By Lakshmi Kamalakar

THE year 1998 has been dismal for the Hindi films, in the sense that ‘the movies which recovered their investment can be counted, literally on one’s fingers. Super hits of course were as rare as rain in the Rajasthan desert. Two titles that come to one’s mind are Pyar kiya to darna kya and Pyar to hona hi tha whose performance at the box office has salvaged the prestige for movies from the mills of Mumbai.

But, there is one film that stands out amidst a heap of flops, more for its artistic excellence and thematic topicality than for its box office performance. The film Satya made by Ram Gopal Varma is undoubtedly; the film of the year. Satya the film with a predominantly Mumbai flavour is doing extremely well in Mumbai, Maharashtra and the south.

Satya, an unemployed youth who goes to Mumbai with dreams in his eyes, gets unwittingly drawn into the underworld, grows to a prominence in it and ends up as a tragic victim of this ‘anti-system’, if it may be called so.

Satya graduates in the world of bullets in the endearing company of Bhiku Mhatre and Kallu mama yearns for the affection of Vidya and ends up losing his valuable life. The message is that the road to the underworld is a blind alley. Yet another attempted eye-opener for the youth being lured by the easy money in mafia and militancy.

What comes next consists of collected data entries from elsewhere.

lemma max_mono_op_range_id_plus:
  fixes A :: "'a::{real_inner,complete_space} \<Rightarrow> 'a set"
  assumes "max_mono_op A"
  shows "\<exists>p. x - p \<in> A p"
proof -
  have "max_mono_op (\<lambda>y. (\<lambda>v. v - x) ` A y)"
    using max_mono_op_affine_values[OF assms, of 1 "- x"] by simp
  then obtain p where "- p \<in> (\<lambda>v. v - x) ` A p"
    using max_mono_op_zero_in_range_id_plus by blast
  then obtain v where eq: "- p = v - x" and "v \<in> A p" by (rule imageE)
  have "x - p = x + (v - x)" unfolding eq[symmetric] by simp
  also have "\<dots> = v" by (simp add: algebra_simps)
  finally show ?thesis using \<open>v \<in> A p\<close> by auto
qed

lemma mono_op_inverse_id_plus_nonexpansive:
  assumes "mono_op A" and "x - p \<in> A p" and "y - q \<in> A q"
  shows "norm (p - q) \<le> norm (x - y)"
proof -
  have "0 \<le> inner (p - q) ((x - p) - (y - q))"
    using mono_opD[OF assms] .
  then have "(norm (p - q))\<^sup>2 \<le> inner (p - q) (x - y)"
    by (simp add: power2_norm_eq_inner inner_diff_right algebra_simps)
  also have "\<dots> \<le> norm (p - q) * norm (x - y)"
    by (rule norm_cauchy_schwarz)
  finally have "norm (p - q) * norm (p - q) \<le> norm (p - q) * norm (x - y)"
    by (simp add: power2_eq_square)
  then show ?thesis
    by (cases "p = q") (simp_all add: mult_le_cancel_left_pos)
qed

lemma resolvent_mem:
  fixes A :: "'a::{real_inner,complete_space} \<Rightarrow> 'a set"
  assumes "max_mono_op A"
  shows "x - resolvent A x \<in> A (resolvent A x)"
proof -
  obtain p where p: "x - p \<in> A p" using max_mono_op_range_id_plus[OF assms] by blast
  have mono: "mono_op A" using assms by (rule max_mono_op_imp_mono_op)
  have uniq: "q = p" if "x - q \<in> A q" for q
    using mono_op_inverse_id_plus_nonexpansive[OF mono that p] by simp
  have "resolvent A x = p"
    unfolding resolvent_def by (rule the_equality[of "\<lambda>q. x - q \<in> A q", OF p uniq])
  with p show ?thesis by simp
qed

lemma resolvent_scale_op_displacement_le:
  fixes A :: "'a::{real_inner,complete_space} \<Rightarrow> 'a set"
  assumes "max_mono_op A" and "g > 0" and "b \<in> A a"
  shows "norm (x - resolvent (scale_op g A) x) \<le> 2 * norm (x - a) + g * norm b"
proof -
  define p where "p = resolvent (scale_op g A) x"
  have max: "max_mono_op (scale_op g A)" by (rule max_mono_op_scale_op[OF assms(1,2)])
  then have mono: "mono_op (scale_op g A)" by (rule max_mono_op_imp_mono_op)
  have "g *\<^sub>R b \<in> scale_op g A a" using assms(3) unfolding scale_op_def by (rule imageI)
  then have "(a + g *\<^sub>R b) - a \<in> scale_op g A a" by simp
  then have "norm (p - a) \<le> norm (x - (a + g *\<^sub>R b))"
    unfolding p_def by (rule mono_op_inverse_id_plus_nonexpansive[OF mono resolvent_mem[OF max]])
  also have "\<dots> \<le> norm (x - a) + g * norm b"
    using norm_triangle_ineq4[of "x - a" "g *\<^sub>R b"] \<open>g > 0\<close> by (simp add: diff_diff_eq)
  finally have "norm (p - a) \<le> norm (x - a) + g * norm b" .
  moreover have "norm (x - p) \<le> norm (x - a) + norm (p - a)"
    using norm_triangle_ineq4[of "x - a" "p - a"] by simp
  ultimately show ?thesis unfolding p_def by linarith
qed

lemma Q_op_diff:
  assumes "g \<noteq> 0"
  shows "Q_op A d g x - Q_op A g g x = ((d - g) / g) *\<^sub>R (x - resolvent (scale_op g A) x)"
  using assms unfolding Q_op_def by (simp add: algebra_simps diff_divide_distrib)

lemma norm_Q_op_diff_le:
  fixes A :: "'a::{real_inner,complete_space} \<Rightarrow> 'a set"
  assumes "max_mono_op A" and "g > 0" and "b \<in> A a"
  shows "norm (Q_op A d g x - Q_op A g g x) \<le> \<bar>d - g\<bar> * (2 * norm (x - a) / g + norm b)"
proof -
  have "norm (Q_op A d g x - Q_op A g g x) = \<bar>d - g\<bar> / g * norm (x - resolvent (scale_op g A) x)"
    using \<open>g > 0\<close> by (simp add: Q_op_diff)
  also have "\<dots> \<le> \<bar>d - g\<bar> / g * (2 * norm (x - a) + g * norm b)"
    using resolvent_scale_op_displacement_le[OF assms] \<open>g > 0\<close> by (intro mult_left_mono) auto
  also have "\<dots> = \<bar>d - g\<bar> * (2 * norm (x - a) / g + norm b)"
    using \<open>g > 0\<close> by (simp add: field_simps)
  finally show ?thesis .
qed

Does the story-line ring a bell? Isn’t Satya similar to Chandrachur Singh of Maachis? Doesn’t Bhiku Mhatre remind one of Om Puri? Is Vidya not a perfect foil to Tabu? Yes, Satya, the film reminds one of Maachis. Well, this is not to belittle the excellent work done by Ram Gopal Varma and the world class performances he drew from artistes like Manoj Bajpai and Saurabh Shukla, who lived in; the roles of Bhiku Mhatre and Kallu mama, to say the least.

The similarities do not end there. The lyrics of Satya are penned by Gulzar and set to lilting tunes by none other than Vishaal Bhardwaj. Both Maachis and Satya address the problems of particular regions, Punjab and Mumbai respectively. Accordingly, the reception accorded by the cinegoers has been fragmented, viewed from a national angle. While Maachis took Delhi and Punjab by storm, in terms of box office success, Satya is creating a sensation in Mumbai and Maharashtra.

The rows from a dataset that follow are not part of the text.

lemma first_time_reaching:
  fixes v :: "real \<Rightarrow> real"
  assumes cont: "continuous_on {a..b} v" and "a \<le> b" "e \<le> v b"
  obtains u where "a \<le> u" "u \<le> b" "e \<le> v u" "\<And>t. a \<le> t \<Longrightarrow> t < u \<Longrightarrow> v t < e"
proof -
  define A where "A = {t \<in> {a..b}. e \<le> v t}"
  have "closed A"
    unfolding A_def by (intro continuous_on_closed_Collect_le cont continuous_on_const) simp
  moreover have "b \<in> A" "bdd_below A"
    using assms by (auto simp: A_def bdd_below_def)
  ultimately have "Inf A \<in> A"
    using closed_contains_Inf by blast
  moreover have "v t < e" if "a \<le> t" "t < Inf A" for t
  proof -
    have "t \<notin> A"
      using cInf_lower[OF _ \<open>bdd_below A\<close>, of t] that(2) by linarith
    moreover have "t \<le> b"
      using \<open>Inf A \<in> A\<close> that(2) by (simp add: A_def)
    ultimately show ?thesis
      using that(1) by (auto simp: A_def)
  qed
  ultimately show ?thesis
    using that by (auto simp: A_def)
qed

lemma last_time_below:
  fixes v :: "real \<Rightarrow> real"
  assumes cont: "continuous_on {a..b} v" and "a \<le> b" "v a \<le> c"
  obtains s where "a \<le> s" "s \<le> b" "v s \<le> c" "\<And>t. s < t \<Longrightarrow> t \<le> b \<Longrightarrow> c < v t"
proof -
  define B where "B = {t \<in> {a..b}. v t \<le> c}"
  have "closed B"
    unfolding B_def by (intro continuous_on_closed_Collect_le cont continuous_on_const) simp
  moreover have "a \<in> B" "bdd_above B"
    using assms by (auto simp: B_def bdd_above_def)
  ultimately have "Sup B \<in> B"
    using closed_contains_Sup by blast
  moreover have "c < v t" if "Sup B < t" "t \<le> b" for t
  proof -
    have "t \<notin> B"
      using cSup_upper[OF _ \<open>bdd_above B\<close>, of t] that(1) by linarith
    moreover have "a \<le> t"
      using \<open>Sup B \<in> B\<close> that(1) by (simp add: B_def)
    ultimately show ?thesis
      using that(2) by (auto simp: B_def)
  qed
  ultimately show ?thesis
    using that by (auto simp: B_def)
qed

lemma sublevel_invariant:
  fixes v v' :: "real \<Rightarrow> real"
  assumes deriv: "\<And>t. 0 \<le> t \<Longrightarrow> (v has_real_derivative v' t) (at t within {0..})"
    and nonpos: "\<And>t. 0 \<le> t \<Longrightarrow> c < v t \<Longrightarrow> v t < M \<Longrightarrow> v' t \<le> 0"
    and "v 0 \<le> c" "c < M" "0 \<le> t"
  shows "v t \<le> c"
proof (rule ccontr)
  assume "\<not> v t \<le> c"
  have deriv_on: "(v has_real_derivative v' \<tau>) (at \<tau> within {p..q})"
    if "0 \<le> p" "\<tau> \<in> {p..q}" for p q \<tau>
    using DERIV_subset[OF deriv[of \<tau>], of "{p..q}"] that by simp
  have cont: "continuous_on {0..q} v" for q
    using deriv_on[of 0] by (intro DERIV_continuous_on) simp
  define e where "e = min (v t) ((c + M) / 2)"
  have e: "c < e" "e < M" "e \<le> v t"
    using \<open>\<not> v t \<le> c\<close> \<open>c < M\<close> unfolding e_def by (simp_all add: min_less_iff_disj)
  \<comment> \<open>Between the last time s at which v is below c and the first time u at which v reaches e,
      v stays in the band (c, M) where it cannot increase.\<close>
  obtain u where u: "0 \<le> u" "u \<le> t" "e \<le> v u" "\<And>\<tau>. 0 \<le> \<tau> \<Longrightarrow> \<tau> < u \<Longrightarrow> v \<tau> < e"
    using first_time_reaching[OF cont \<open>0 \<le> t\<close> e(3)] by blast
  obtain s where s: "0 \<le> s" "s \<le> u" "v s \<le> c" "\<And>\<tau>. s < \<tau> \<Longrightarrow> \<tau> \<le> u \<Longrightarrow> c < v \<tau>"
    using last_time_below[OF cont u(1) \<open>v 0 \<le> c\<close>] by blast
  have "v u \<le> v s"
  proof (rule DERIV_within_nonpos_imp_decreasing[OF s(2) deriv_on[OF s(1)]])
    fix \<tau> assume \<tau>: "s < \<tau>" "\<tau> < u"
    then have "c < v \<tau>" "v \<tau> < e"
      using s(1,4) u(4) by simp_all
    then show "v' \<tau> \<le> 0"
      using nonpos[of \<tau>] e(2) s(1) \<tau>(1) by simp
  qed
  then show False
    using u(3) s(3) e(1) by linarith
qed

lemma powr_root_factorization:
  fixes v \<mu> a b d :: real
  assumes "0 < v"
  shows "- a * v powr (1 + 1/\<mu>) - b * v powr (1 - 1/\<mu>) + d * v
       = - (v powr (1 - 1/\<mu>) * (a * (v powr (1/\<mu>))\<^sup>2 - d * v powr (1/\<mu>) + b))"
proof -
  have "v powr (1 - 1/\<mu>) * (v powr (1/\<mu>))\<^sup>2 = v powr (1 + 1/\<mu>)"
    "v powr (1 - 1/\<mu>) * v powr (1/\<mu>) = v"
    using assms by (simp_all add: power2_eq_square add.commute flip: powr_add)
  then show ?thesis
    using assms by (simp add: algebra_simps)
qed

lemma powr_le_root:
  fixes x c \<mu> :: real
  assumes "0 \<le> x" "0 \<le> c" "0 < \<mu>" "x \<le> c powr \<mu>"
  shows "x powr (1/\<mu>) \<le> c"
proof -
  have "x powr (1/\<mu>) \<le> (c powr \<mu>) powr (1/\<mu>)"
    using assms by (intro powr_mono2) simp_all
  then show ?thesis
    using assms by (simp add: powr_powr)
qed

(* Along w' <= -q w / mu the function G decreases at least at unit rate, so G w bounds the time
   needed to reach 0 from w. *)
definition settling_certificate ::
    "real \<Rightarrow> (real \<Rightarrow> real) \<Rightarrow> real set \<Rightarrow> (real \<Rightarrow> real) \<Rightarrow> (real \<Rightarrow> real) \<Rightarrow> real \<Rightarrow> bool"
  where "settling_certificate \<mu> q W G g B \<longleftrightarrow>
    (\<forall>w\<in>W. (G has_real_derivative g w) (at w) \<and> 0 \<le> g w \<and> \<mu> \<le> g w * q w \<and> 0 < G w \<and> G w \<le> B)"

lemma powr_root_decay:
  fixes v v' Q \<mu> :: real
  assumes "0 < v" "0 < \<mu>" "v' \<le> - (v powr (1 - 1/\<mu>) * Q)"
  shows "1/\<mu> * v powr (1/\<mu> - 1) * v' \<le> - Q / \<mu>"
proof -
  have "1/\<mu> * v powr (1/\<mu> - 1) * v' \<le> 1/\<mu> * v powr (1/\<mu> - 1) * - (v powr (1 - 1/\<mu>) * Q)"
    using assms by (intro mult_left_mono) simp_all
  also have "\<dots> = - Q / \<mu>"
    using assms(1) by (simp add: powr_add[symmetric])
  finally show ?thesis .
qed

lemma settling_time_bound:
  fixes v v' q G g :: "real \<Rightarrow> real"
  assumes deriv: "\<And>t. 0 \<le> t \<Longrightarrow> (v has_real_derivative v' t) (at t within {0..})"
    and nonneg: "\<And>t. 0 \<le> t \<Longrightarrow> 0 \<le> v t"
    and decay: "\<And>t. 0 \<le> t \<Longrightarrow> 0 < v t \<Longrightarrow> v' t \<le> - (v t powr (1 - 1/\<mu>) * q (v t powr (1/\<mu>)))"
    and "0 < \<mu>" "0 \<le> B"
    and cert: "settling_certificate \<mu> q W G g B"
    and in_W: "\<And>t. 0 \<le> t \<Longrightarrow> 0 < v t \<Longrightarrow> v t powr (1/\<mu>) \<in> W"
  shows "\<exists>t. 0 \<le> t \<and> t \<le> B \<and> v t = 0"
proof (rule ccontr)
  assume "\<nexists>t. 0 \<le> t \<and> t \<le> B \<and> v t = 0"
  then have pos: "0 < v t" if "0 \<le> t" "t \<le> B" for t
    using nonneg[of t] that by force
  define w where "w t = v t powr (1/\<mu>)" for t
  define w' where "w' t = 1/\<mu> * v t powr (1/\<mu> - 1) * v' t" for t
  have G_bounds: "0 < G (w t)" "G (w t) \<le> B" if "0 \<le> t" "t \<le> B" for t
    using cert in_W[OF that(1) pos[OF that]] by (auto simp: settling_certificate_def w_def)
  \<comment> \<open>t + G (w t) does not increase, since G' (w) w' \<le> - G' (w) q (w) / \<mu> \<le> -1\<close>
  have h_deriv: "((\<lambda>t. t + G (w t)) has_real_derivative 1 + g (w t) * w' t) (at t within {0..B})"
    and h_nonpos: "1 + g (w t) * w' t \<le> 0" if t: "t \<in> {0..B}" for t
  proof -
    have vt: "0 < v t"
      using pos t by simp
    have g: "(G has_real_derivative g (w t)) (at (w t))" "0 \<le> g (w t)" "\<mu> \<le> g (w t) * q (w t)"
      using cert in_W[of t] vt t by (auto simp: settling_certificate_def w_def)
    have "(w has_real_derivative w' t) (at t within {0..})"
      unfolding w_def[abs_def] w'_def
      by (rule DERIV_chain2[OF has_real_derivative_powr[OF vt] deriv]) (use t in simp)
    then have "(w has_real_derivative w' t) (at t within {0..B})"
      by (rule DERIV_subset) auto
    then have "((\<lambda>t. G (w t)) has_real_derivative g (w t) * w' t) (at t within {0..B})"
      by (rule DERIV_chain2[of G "g (w t)" w, OF g(1)])
    then show "((\<lambda>t. t + G (w t)) has_real_derivative 1 + g (w t) * w' t) (at t within {0..B})"
      by (intro DERIV_add DERIV_ident)
    have "w' t \<le> - q (w t) / \<mu>"
      unfolding w'_def w_def by (rule powr_root_decay[OF vt \<open>0 < \<mu>\<close> decay]) (use t vt in simp_all)
    then have "\<mu> * w' t \<le> - q (w t)"
      using \<open>0 < \<mu>\<close> by (simp add: field_simps)
    then have "g (w t) * (\<mu> * w' t) \<le> g (w t) * - q (w t)"
      using g(2) by (rule mult_left_mono)
    then have "\<mu> * (1 + g (w t) * w' t) \<le> 0"
      using g(3) by (simp add: algebra_simps)
    then show "1 + g (w t) * w' t \<le> 0"
      using \<open>0 < \<mu>\<close> by (simp add: mult_le_0_iff)
  qed
  have "B + G (w B) \<le> 0 + G (w 0)"
    by (rule DERIV_within_nonpos_imp_decreasing[OF \<open>0 \<le> B\<close> h_deriv h_nonpos]) auto
  then show False
    using G_bounds[of 0] G_bounds[of B] \<open>0 \<le> B\<close> by simp
qed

Then, haven’t the buyers grown wiser with the success of Maachis? The fact that Satya had no takers, at a price demanded by Varma, is more because of the debacle of his earlier film Daud than the inherent commercial potential of Satya. Of course, it is now Varma who is laughing all the way to his bank.

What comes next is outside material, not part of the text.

(* Let $\overline{G}$ be the roommate diversity game with red agents $r_1,r_2,r_3$, blue agents $b_1,\dots,b_6$, room size $3$ and the trichotomous preferences described in the context. Then $\overline{G}$ has no popular outcome; in particular, a popular outcome is not guaranteed to exist in a roommate diversity game.
   Context: A roommate diversity game consists of disjoint finite sets $R$ (red agents) and $B$ (blue agents), a room size $s$ with $s$ dividing $|R\cup B|$, and for each agent a weak order over the fractions $\{j/s: 0\le j\le s\}$. An outcome is a partition of $R\cup B$ into rooms of size $s$; $\pi(a)$ is the room containing $a$ and $\theta(C)=|C\cap R|/|C|$. Agent $a$ prefers $\pi$ to $\pi'$ if it strictly prefers $\theta(\pi(a))$ to $\theta(\pi'(a))$; $N(\pi,\pi')$ is the set of agents preferring $\pi$ to $\pi'$, $\phi(\pi,\pi')=|N(\pi,\pi')|-|N(\pi',\pi)|$, and $\pi$ is popular if $\phi(\pi,\pi')\ge 0$ for every outcome $\pi'$. A trichotomous preference is given by a partition of the fractions into sets $D_a^+$ (approved), $D_a^n$ (neutral), $D_a^-$ (disapproved), possibly empty, with approved $\succ$ neutral $\succ$ disapproved and indifference within each set. In $\overline{G}$ ($s=3$): $r_1$: $D^+=\{1/3\}$, $D^-=\{2/3,1\}$; $r_2,r_3$: $D^+=\{2/3\}$, $D^-=\{1/3,1\}$; $b_1,\dots,b_4$: $D^+=\{1/3\}$, $D^n=\{2/3\}$, $D^-=\{0\}$; $b_5,b_6$: $D^+=\{0\}$, $D^-=\{1/3,2/3\}$ (a red agent is never in a room of fraction $0$, a blue agent never in one of fraction $1$). *)

theory Defs
  imports Complex_Main "HOL-Library.Disjoint_Sets"
begin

Like Maachis, Satya also became the talk of the nation. While on one hand, it received a very high acclaim even from the most renowned critics of the films, on the other hand it invited the wrath of police commissioner of Mumbai who recommended a ban on the movie. A couple of killings shown in the film were emulated by the underworld in real life. The controversy failed to gain much ground for soon came the exemption of entertainment tax for the film, by the state government. Maachis too had been accorded a tax exemption, while a section of people had asked for a ban

What emerges from the success of is that Varma has definitely towed Gulzar’s line, in that a purposeful theme can be narrated in a commercially viable celluloid format. And, Gulzar and Varma have both succeeded in successfully blending the art cinema and mainstream cinema, for Maachis and Satya belong to both the streams. The mashaal lit by Gulzar with Maachis has been kept burning by Varma’s Satya. It is now upto the other filmmakers of the Bollywood to keep the mashaal of meaningful cinema glowing. Thank you Gulzar. And thank you Varma.